300 ml fresh squeezed lime juice
550 ml 100% Agave Tequila (see above)
150-200 ml Cointreau to the rim.

Enjoy!


----------



## jeffro (Oct 13, 2003)

Some great ideas. I'm getting thirsty. Anybody have experience with the Black Box tequila? Going to try it this weekend. At $21 for a 1.75 that makes a damn cheap hangover! Seems ideal for the river.


----------



## Eagle Mapper (Mar 24, 2008)

I have been drinking Silver Tequila, Mineral Water and Lime for a nice refreshing drink on a hot day. I call it "River Water". Gotta stay hydrated!


----------



## MT4Runner (Apr 6, 2012)

Electric-Mayhem said:


> I like a good Mule too. Very refreshing and you can mix things up by using different ingredients. I'm a big fan of the Irish or Kentucky mule using Whiskey instead of Vodka. You could do this large batch as well.


Try gin + ginger beer, especially if you have a good spicy/gingery ginger beer. Bridger Brewing in Bozeman has one that is excellent, we buy it by the growler.
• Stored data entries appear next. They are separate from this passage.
lemma pow_le_exp_mult_fact: "real m ^ m \<le> exp (real m) * fact m"
proof -
  have "real m ^ m / fact m \<le> (\<Sum>k\<le>m. real m ^ k / fact k)"
    by (rule member_le_sum) auto
  also have "\<dots> \<le> exp (real m)"
    using summable_exp_generic[of "real m"]
    by (auto simp: exp_def divide_inverse ac_simps intro!: sum_le_suminf)
  finally show ?thesis by (simp add: divide_le_eq)
qed

lemma labelled_trees_bound:
  assumes m: "1 \<le> m" "m \<le> n" and d: "1 \<le> d"
  shows "real (n choose m) * real m ^ m * (d / n) ^ (m - 1) * exp (- (m * c))
         \<le> n * (exp 1 * d * exp (- c)) ^ m"
proof -
  have n: "real n \<ge> 1" using m by simp
  have "real (n choose m) * real m ^ m \<le> real (n choose m) * (exp (real m) * fact m)"
    by (intro mult_left_mono pow_le_exp_mult_fact) auto
  also have "\<dots> = (real (n choose m) * fact m) * exp m" by simp
  also have "\<dots> \<le> real n ^ m * exp m"
  proof (rule mult_right_mono)
    show "real (n choose m) * fact m \<le> real n ^ m"
      using binomial_fact_pow[of n m] by (metis of_nat_fact of_nat_le_iff of_nat_mult of_nat_power)
  qed simp
  finally have choose: "real (n choose m) * real m ^ m \<le> real n ^ m * exp m" .
  have "real n ^ m = real n * real n ^ (m - 1)" using m by (metis Suc_diff_le diff_Suc_1 power_Suc)
  then have "real n ^ m * (d / n) ^ (m - 1) = real n * d ^ (m - 1)"
    using n by (simp add: power_divide)
  moreover have "d ^ (m - 1) \<le> d ^ m" using d by (intro power_increasing) auto
  ultimately have "real n ^ m * exp m * (d / n) ^ (m - 1) * exp (- (m * c))
                     \<le> real n * exp m * d ^ m * exp (- (m * c))"
    using n by (simp add: mult_ac)
  moreover have "real (n choose m) * real m ^ m * (d / n) ^ (m - 1) * exp (- (m * c))
       \<le> real n ^ m * exp m * (d / n) ^ (m - 1) * exp (- (m * c))"
    by (intro mult_right_mono choose) (use d in auto)
  moreover have "real n * exp m * d ^ m * exp (- (m * c)) = n * (exp 1 * d * exp (- c)) ^ m"
    by (simp add: power_mult_distrib exp_of_nat_mult[symmetric])
  ultimately show ?thesis by linarith
qed

lemma prob_dense_tree_of_card_le:
  assumes a: "0 < a" "a \<le> 1" and d: "1 \<le> d" "2 + ln d \<le> d * a\<^sup>2 / 256"
    and n: "d \<le> real n" and m: "1 \<le> m" "m \<le> n"
  shows "measure_pmf.prob (erdos_renyi n (d / real n))
           (\<Union>B\<in>{B. B \<subseteq> {..<n} \<and> card B = m}. \<Union>f\<in>parent_maps B.
              dense_tree_event n ((1 + a / 8) * d) B f)
         \<le> real n * exp (- real m)"
proof -
  define ER where "ER = erdos_renyi n (d / real n)"
  define Bs where "Bs = {B. B \<subseteq> {..<n} \<and> card B = m}"
  define c where "c = d * a\<^sup>2 / 256"
  have fin: "finite Bs" "\<And>B. B \<in> Bs \<Longrightarrow> finite (parent_maps B)"
    using finite_subsets_of_card finite_parent_maps by (auto simp: Bs_def dest: finite_subset)
  have event: "measure_pmf.prob ER (dense_tree_event n ((1 + a / 8) * d) B f)
                 \<le> (d / real n) ^ (m - 1) * exp (- (m * c))" if "B \<in> Bs" "f \<in> parent_maps B" for B f
  proof -
    have "d * (a / 16 + (a / 16)\<^sup>2) - a / 16 * ((1 + a / 8) * d) = - c"
      by (simp add: c_def power2_eq_square field_simps)
    then show ?thesis
      using prob_dense_tree_event[OF _ that(2) _ _ n, of "a / 16" "(1 + a / 8) * d"] that(1) a d m
      by (simp add: ER_def Bs_def)
  qed
  have "measure_pmf.prob ER (\<Union>B\<in>Bs. \<Union>f\<in>parent_maps B. dense_tree_event n ((1 + a / 8) * d) B f)
          \<le> (\<Sum>B\<in>Bs. measure_pmf.prob ER (\<Union>f\<in>parent_maps B. dense_tree_event n ((1 + a / 8) * d) B f))"
    by (intro measure_pmf.finite_measure_subadditive_finite fin) auto
  also have "\<dots> \<le> (\<Sum>B\<in>Bs. \<Sum>f\<in>parent_maps B. measure_pmf.prob ER (dense_tree_event n ((1 + a / 8) * d) B f))"
    by (intro sum_mono measure_pmf.finite_measure_subadditive_finite fin) auto
  also have "\<dots> \<le> (\<Sum>B\<in>Bs. \<Sum>f\<in>parent_maps B. (d / real n) ^ (m - 1) * exp (- (m * c)))"
    by (intro sum_mono event)
  also have "\<dots> \<le> real (n choose m) * real m ^ m * ((d / real n) ^ (m - 1) * exp (- (m * c)))"
    unfolding Bs_def using d by (intro sum_parent_maps_subsets_le) auto
  also have "\<dots> \<le> n * (exp 1 * d * exp (- c)) ^ m"
    using labelled_trees_bound[OF m d(1), of c] by (simp add: mult_ac)
  also have "\<dots> \<le> n * exp (- 1) ^ m"
  proof -
    have "exp 1 * d * exp (- c) = exp (1 + ln d - c)"
      using d(1) by (simp add: exp_add exp_diff exp_minus field_simps)
    also have "\<dots> \<le> exp (- 1)" using d(2) by (simp add: c_def)
    finally show ?thesis using d(1) by (intro mult_left_mono power_mono) auto
  qed
  also have "\<dots> = real n * exp (- real m)" by (simp add: exp_of_nat_mult[symmetric])
  finally show ?thesis by (simp add: ER_def Bs_def)
qed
I also recently got hooked on 1 part light or gold rum, 1 part dark rum (Gosling's is way better than Myer's) and 2-3 parts ginger beer. Like a dark 'n stormy but the light rum sweetens it up a bit.


----------



## jeffro (Oct 13, 2003)

Eagle Mapper said:


> I have been drinking Silver Tequila, Mineral Water and Lime for a nice refreshing drink on a hot day. I call it "River Water". Gotta stay hydrated!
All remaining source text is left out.